Où sont nos plus belles années?

Où sont nos plus belles années?

Les débuts d’année scolaire, empreints de promesses, m’émeuvent. Il faut voir les petits nouveaux, aussi inquiets que fiers, arriver par la grande porte. La fin des vacances marque leur entrée dans l’adolescence. À partir de maintenant, ils ne seront plus traités comme des enfants. Pour les encourager, on en trouvera toujours quelques-uns pour leur dire qu’ils s’apprêtent à vivre «la plus belle période de leur vie». Cette réflexion, pleine de bonnes intentions, est traversée de sous-entendus qui méritent d’être discutés.

Jugement de valeur

La mémoire faisant bien les choses, les souvenirs que nous chérissons sont souvent tronqués, déformés. Nous nous attachons à une vision idéalisée du passé. En sciences de la mémoire, on parle d’un pic de réminiscence: peu importe les conditions réelles de la vie, nous nous souviendrons avec affection de l’époque où nous étions âgés de quinze à vingt-cinq ans. Nous sommes condamnés, en quelque sorte, à devenir de vieux nostalgiques.

Mais ce jeunisme ne saurait résulter du simple biais cognitif. Dans nos sociétés, nous vouons un véritable culte à la jeunesse. Au détriment des jeunes eux-mêmes, nous valorisons l’insouciance, la nouveauté, le plaisir. Nous plaquons sur eux le fantasme d’une innocence qui leur est étrangère. Car les ados, de leur côté, nous implorent de prendre nos responsabilités.

No future

Dans le film La déesse des mouches à feu, tiré du roman du même nom, on suit les tribulations de Catherine, seize ans, dans sa découverte de la drogue et de la sexualité. Ses parents, consumés par leur divorce, achètent son amour à coups de cadeaux. La jeune femme vit hors du temps, dans un éternel présent. Avec son groupe d’amis, elle évolue dans un univers parallèle où la mort rôde. Rien, dans le quotidien de Catherine, n’est idyllique, sinon la nature où elle se réfugie.

Dans la vie, soit on vieillit, soit on meurt. Étais-je destinée à perdre en valeur à mesure que je gagnerais en expérience?

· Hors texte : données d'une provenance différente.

(* Assume the setting below ($2\overline{s}$-sparse flatness, in the form of the reconstruction maps $\alpha_I$). Let $\mathcal{I}\subseteq\{1,\dots,p\}$ with $|\mathcal{I}|>p-2\overline{s}$ be such that $\mathrm{Check}(\mathcal{I})$ returns UNSAT. Then there exists $\mathcal{I}_{temp}\subseteq\mathcal{I}$ with $|\mathcal{I}_{temp}|\le p-2\overline{s}+1$ such that $\mathrm{Check}(\mathcal{I}_{temp})$ also returns UNSAT.
   Context: Consider the discrete-time system $x^{(t+1)}=f(x^{(t)},u^{(t)})$, $y^{(t)}=h(x^{(t)})+a^{(t)}$, with state in $\mathcal{X}\subseteq\mathbb{R}^n$, input in $\mathbb{R}^m$, and $p$ scalar sensors $y_i=h_i(x)+a_i$, where $a^{(t)}$ is an arbitrary attack vector. Fix a window length $\tau$ and an input sequence $u$ over the window. For sensor $i$, $H_{u,i}:\mathcal{X}\to\mathbb{R}^\tau$ maps the window-initial state $z$ to $\big(h_i(z),h_i(f_{u^{(1)}}(z)),\dots,h_i(f_{u^{(\tau-1)}\cdots u^{(1)}}(z))\big)$ ($k$-fold compositions of $f(\cdot,u^{(j)})$), and $H_{u,I}=(H_{u,i})_{i\in I}$. $Y=(Y_1,\dots,Y_p)$, $Y_i\in\mathbb{R}^\tau$, are the collected (possibly attacked) measurements over the window, and $Y_I=(Y_i)_{i\in I}$. $\overline{s}\le p/2$ is the bound on attacked sensors. The system is assumed $2\overline{s}$-sparse flat: for every set $I$ of sensors with $|I|\ge p-2\overline{s}$, the outputs of the sensors in $I$ form a flat output, so that there is a reconstruction map $\alpha_I:\mathbb{R}^{\tau|I|}\to\mathcal{X}$ with $\alpha_I(H_{u,I}(z))=z$ for all $z\in\mathcal{X}$. For such $I$, the procedure $\mathrm{Check}(I)$ computes $x:=\alpha_I(Y_I)$ and returns SAT if $\|Y_I-H_{u,I}(x)\|=0$ and UNSAT otherwise. *)

theory Defs
  imports "HOL-Analysis.Analysis"
begin

text \<open>Window-initial state z, input sequence u (u k = u^(k), k = 1..tau-1).
  traj f u z k is the k-fold composition f_{u^(k)} o ... o f_{u^(1)} applied to z.\<close>
fun traj :: "('x \<Rightarrow> 'u \<Rightarrow> 'x) \<Rightarrow> (nat \<Rightarrow> 'u) \<Rightarrow> 'x \<Rightarrow> nat \<Rightarrow> 'x" where
  "traj f u z 0 = z"
| "traj f u z (Suc k) = f (traj f u z k) (u (Suc k))"

text \<open>Vectors in R^tau are functions nat => real, only components k < tau are relevant.
  Window measurements of all sensors: nat => nat => real (sensor index, time index).\<close>
definition Hu :: "('x \<Rightarrow> 'u \<Rightarrow> 'x) \<Rightarrow> (nat \<Rightarrow> 'x \<Rightarrow> real) \<Rightarrow> (nat \<Rightarrow> 'u) \<Rightarrow> nat
                 \<Rightarrow> 'x \<Rightarrow> nat \<Rightarrow> nat \<Rightarrow> real" where
  "Hu f h u tau z i k = (if k < tau then h i (traj f u z k) else 0)"

definition restr :: "nat set \<Rightarrow> nat \<Rightarrow> (nat \<Rightarrow> nat \<Rightarrow> real) \<Rightarrow> nat \<Rightarrow> nat \<Rightarrow> real" where
  "restr I tau Y i k = (if i \<in> I \<and> k < tau then Y i k else 0)"

definition residual :: "('x \<Rightarrow> 'u \<Rightarrow> 'x) \<Rightarrow> (nat \<Rightarrow> 'x \<Rightarrow> real) \<Rightarrow> (nat \<Rightarrow> 'u) \<Rightarrow> nat
     \<Rightarrow> nat set \<Rightarrow> (nat \<Rightarrow> nat \<Rightarrow> real) \<Rightarrow> 'x \<Rightarrow> real" where
  "residual f h u tau I Y x = sqrt (\<Sum>i\<in>I. \<Sum>k<tau. (Y i k - Hu f h u tau x i k)^2)"

definition check_sat :: "('x \<Rightarrow> 'u \<Rightarrow> 'x) \<Rightarrow> (nat \<Rightarrow> 'x \<Rightarrow> real) \<Rightarrow> (nat \<Rightarrow> 'u) \<Rightarrow> nat
     \<Rightarrow> (nat set \<Rightarrow> (nat \<Rightarrow> nat \<Rightarrow> real) \<Rightarrow> 'x) \<Rightarrow> nat set \<Rightarrow> (nat \<Rightarrow> nat \<Rightarrow> real) \<Rightarrow> bool" where
  "check_sat f h u tau \<alpha> I Y = (residual f h u tau I Y (\<alpha> I (restr I tau Y)) = 0)"

text \<open>2s-sparse flatness via reconstruction maps alpha_I : R^{tau|I|} -> X.\<close>
definition sparse_flat :: "('x \<Rightarrow> 'u \<Rightarrow> 'x) \<Rightarrow> (nat \<Rightarrow> 'x \<Rightarrow> real) \<Rightarrow> (nat \<Rightarrow> 'u) \<Rightarrow> nat
     \<Rightarrow> 'x set \<Rightarrow> nat \<Rightarrow> nat \<Rightarrow> (nat set \<Rightarrow> (nat \<Rightarrow> nat \<Rightarrow> real) \<Rightarrow> 'x) \<Rightarrow> bool" where
  "sparse_flat f h u tau X p s \<alpha> =
     (\<forall>I. I \<subseteq> {1..p} \<and> card I \<ge> p - 2 * s \<longrightarrow>
        (\<forall>w. \<alpha> I w \<in> X) \<and> (\<forall>z\<in>X. \<alpha> I (restr I tau (Hu f h u tau z)) = z))"

end

theory Submission
  imports Defs
begin

text \<open>Fix a set \<open>K \<subseteq> I\<close> of exactly \<open>p - 2s\<close> sensors and let \<open>x = \<alpha>\<^sub>K(Y\<^sub>K)\<close>.
  If every \<open>J \<subseteq> I\<close> with \<open>|J| = p - 2s + 1\<close> passed the check, then for each \<open>J \<supseteq> K\<close>
  the measurements on \<open>J\<close> would be exactly \<open>H\<^sub>J(x\<^sub>J)\<close> with \<open>x\<^sub>J \<in> X\<close>, so flatness of \<open>K\<close>
  forces \<open>x\<^sub>J = \<alpha>\<^sub>K(Y\<^sub>K) = x\<close>. Every sensor of \<open>I\<close> lies in such a \<open>J\<close>, hence \<open>Y\<^sub>I = H\<^sub>I(x)\<close>
  and \<open>Check(I)\<close> would succeed as well.\<close>

lemma check_sat_iff_matches:
  assumes "finite J"
  shows "check_sat f h u tau \<alpha> J Y \<longleftrightarrow>
    (\<forall>i\<in>J. \<forall>k<tau. Y i k = Hu f h u tau (\<alpha> J (restr J tau Y)) i k)"
proof -
  let ?x = "\<alpha> J (restr J tau Y)"
  have "check_sat f h u tau \<alpha> J Y \<longleftrightarrow> (\<Sum>i\<in>J. \<Sum>k<tau. (Y i k - Hu f h u tau ?x i k)^2) = 0"
    unfolding check_sat_def residual_def by simp
  also have "\<dots> \<longleftrightarrow> (\<forall>i\<in>J. (\<Sum>k<tau. (Y i k - Hu f h u tau ?x i k)^2) = 0)"
    using assms by (intro sum_nonneg_eq_0_iff) (auto intro: sum_nonneg)
  also have "\<dots> \<longleftrightarrow> (\<forall>i\<in>J. \<forall>k<tau. Y i k = Hu f h u tau ?x i k)"
    by (simp add: sum_nonneg_eq_0_iff) blast
  finally show ?thesis .
qed

lemma restr_cong:
  assumes "\<forall>i\<in>K. \<forall>k<tau. Y i k = Z i k"
  shows "restr K tau Y = restr K tau Z"
  using assms by (auto simp: restr_def fun_eq_iff)

lemma sparse_flat_reconstruct:
  assumes "sparse_flat f h u tau X p s \<alpha>" "J \<subseteq> {1..p}" "p - 2 * s \<le> card J"
    and "\<forall>i\<in>J. \<forall>k<tau. Y i k = Hu f h u tau x i k" "x \<in> X"
  shows "\<alpha> J (restr J tau Y) = x"
proof -
  have "\<alpha> J (restr J tau Y) = \<alpha> J (restr J tau (Hu f h u tau x))"
    using assms(4) by (metis restr_cong)
  also have "\<dots> = x"
    using assms(1-3,5) unfolding sparse_flat_def by blast
  finally show ?thesis .
qed

lemma check_sat_reconstruct_subset:
  assumes flat: "sparse_flat f h u tau X p s \<alpha>"
    and "K \<subseteq> J" "J \<subseteq> {1..p}" "p - 2 * s \<le> card K"
    and sat: "check_sat f h u tau \<alpha> J Y"
  shows "\<alpha> K (restr K tau Y) = \<alpha> J (restr J tau Y)"
proof -
  have "finite J" using assms(3) finite_subset by blast
  then have "\<forall>i\<in>J. \<forall>k<tau. Y i k = Hu f h u tau (\<alpha> J (restr J tau Y)) i k"
    using sat check_sat_iff_matches by blast
  moreover have "card K \<le> card J" using \<open>finite J\<close> \<open>K \<subseteq> J\<close> card_mono by blast
  ultimately have "\<alpha> J (restr J tau Y) \<in> X"
    using flat assms(3,4) unfolding sparse_flat_def by auto
  with flat assms(2-4) \<open>\<forall>i\<in>J. _\<close> show ?thesis
    by (intro sparse_flat_reconstruct) auto
qed

lemma exists_superset_card_Suc_containing:
  assumes "finite I" "K \<subset> I" "i \<in> I"
  shows "\<exists>J. K \<subseteq> J \<and> J \<subseteq> I \<and> i \<in> J \<and> card J = card K + 1"
proof -
  obtain j where j: "j \<in> I - K" "i \<in> K \<or> j = i"
    using assms(2,3) by blast
  have "finite K" using assms(1,2) finite_subset by blast
  then show ?thesis
    using j assms(2) by (intro exI[of _ "insert j K"]) auto
qed

theorem lemma1:
  fixes f :: "real^'n \<Rightarrow> real^'m \<Rightarrow> real^'n"
    and h :: "nat \<Rightarrow> real^'n \<Rightarrow> real"
    and u :: "nat \<Rightarrow> real^'m"
    and X :: "(real^'n) set"
    and \<alpha> :: "nat set \<Rightarrow> (nat \<Rightarrow> nat \<Rightarrow> real) \<Rightarrow> real^'n"
    and Y :: "nat \<Rightarrow> nat \<Rightarrow> real"
    and p s tau :: nat
    and I :: "nat set"
  assumes "2 * s \<le> p"
    and "sparse_flat f h u tau X p s \<alpha>"
    and "I \<subseteq> {1..p}"
    and "card I > p - 2 * s"
    and "\<not> check_sat f h u tau \<alpha> I Y"
  shows "\<exists>Itemp \<subseteq> I. p - 2 * s \<le> card Itemp \<and> card Itemp \<le> p - 2 * s + 1 \<and> \<not> check_sat f h u tau \<alpha> Itemp Y"
proof (rule ccontr)
  assume all_sat: "\<not> ?thesis"
  have "finite I" using assms(3) finite_subset by blast
  obtain K where K: "K \<subseteq> I" "card K = p - 2 * s"
    using obtain_subset_with_card_n[of "p - 2 * s" I] assms(4) by (metis less_imp_le)
  with assms(4) have "K \<subset> I" by auto
  define x where "x = \<alpha> K (restr K tau Y)"
  have matches: "\<forall>k<tau. Y i k = Hu f h u tau x i k" if "i \<in> I" for i
  proof -
    obtain J where J: "K \<subseteq> J" "J \<subseteq> I" "i \<in> J" "card J = card K + 1"
      using exists_superset_card_Suc_containing[OF \<open>finite I\<close> \<open>K \<subset> I\<close> \<open>i \<in> I\<close>] by blast
    have "finite J" using J(2) \<open>finite I\<close> finite_subset by blast
    have sat: "check_sat f h u tau \<alpha> J Y" using all_sat J(2,4) K(2) by auto
    have "x = \<alpha> J (restr J tau Y)"
      unfolding x_def using J(1,2) K(2) assms(2,3) sat
      by (intro check_sat_reconstruct_subset) auto
    with sat J(3) show ?thesis using check_sat_iff_matches[OF \<open>finite J\<close>] by blast
  qed
  moreover have "x \<in> X" using assms(2) K assms(3) unfolding x_def sparse_flat_def by auto
  ultimately have "\<alpha> I (restr I tau Y) = x"
    using assms(2-4) by (intro sparse_flat_reconstruct) auto
  with matches have "check_sat f h u tau \<alpha> I Y"
    by (simp add: check_sat_iff_matches[OF \<open>finite I\<close>])
  with assms(5) show False ..
qed

end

Si l’adolescente avait vécu trente ans plus tard, soit en 2020, elle n’aurait pu échapper aussi aisément aux pressions extérieures. Hyperconnectée, elle aurait été informée en temps réel des ravages des feux de forêt comme des nouveautés en maquillage. Une alerte envoyée par le portail de son école lui aurait rappelé un devoir en retard. Elle aurait été sollicitée par son employeur pour faire un quart de travail supplémentaire, pénurie de main-d’œuvre oblige.

À seize ans, on croit souvent porter le poids du monde sur ses épaules.

Pour quoi vivre

Dans mes premières années d’exercice en pastorale, on me félicitait régulièrement pour ma jeunesse. Ces commentaires, au lieu de me réjouir, éveillaient en moi une certaine angoisse. Dans la vie, soit on vieillit, soit on meurt. Je n’y échapperai pas. Étais-je destinée à perdre en valeur à mesure que je gagnerais en expérience?

Le deuil accompagne toutes les transitions, dont l’adolescence, censée conduire à l’âge adulte. Si cette phase constitue le summum de l’existence, à quoi bon construire pour l’avenir?

Nous vivrons tous des pertes, c’est inéluctable.

Pour que ces passages soient sources de vie, il faut pouvoir y entrer librement.

Ne plaçons pas des chimères sur le chemin de ceux qui suivent.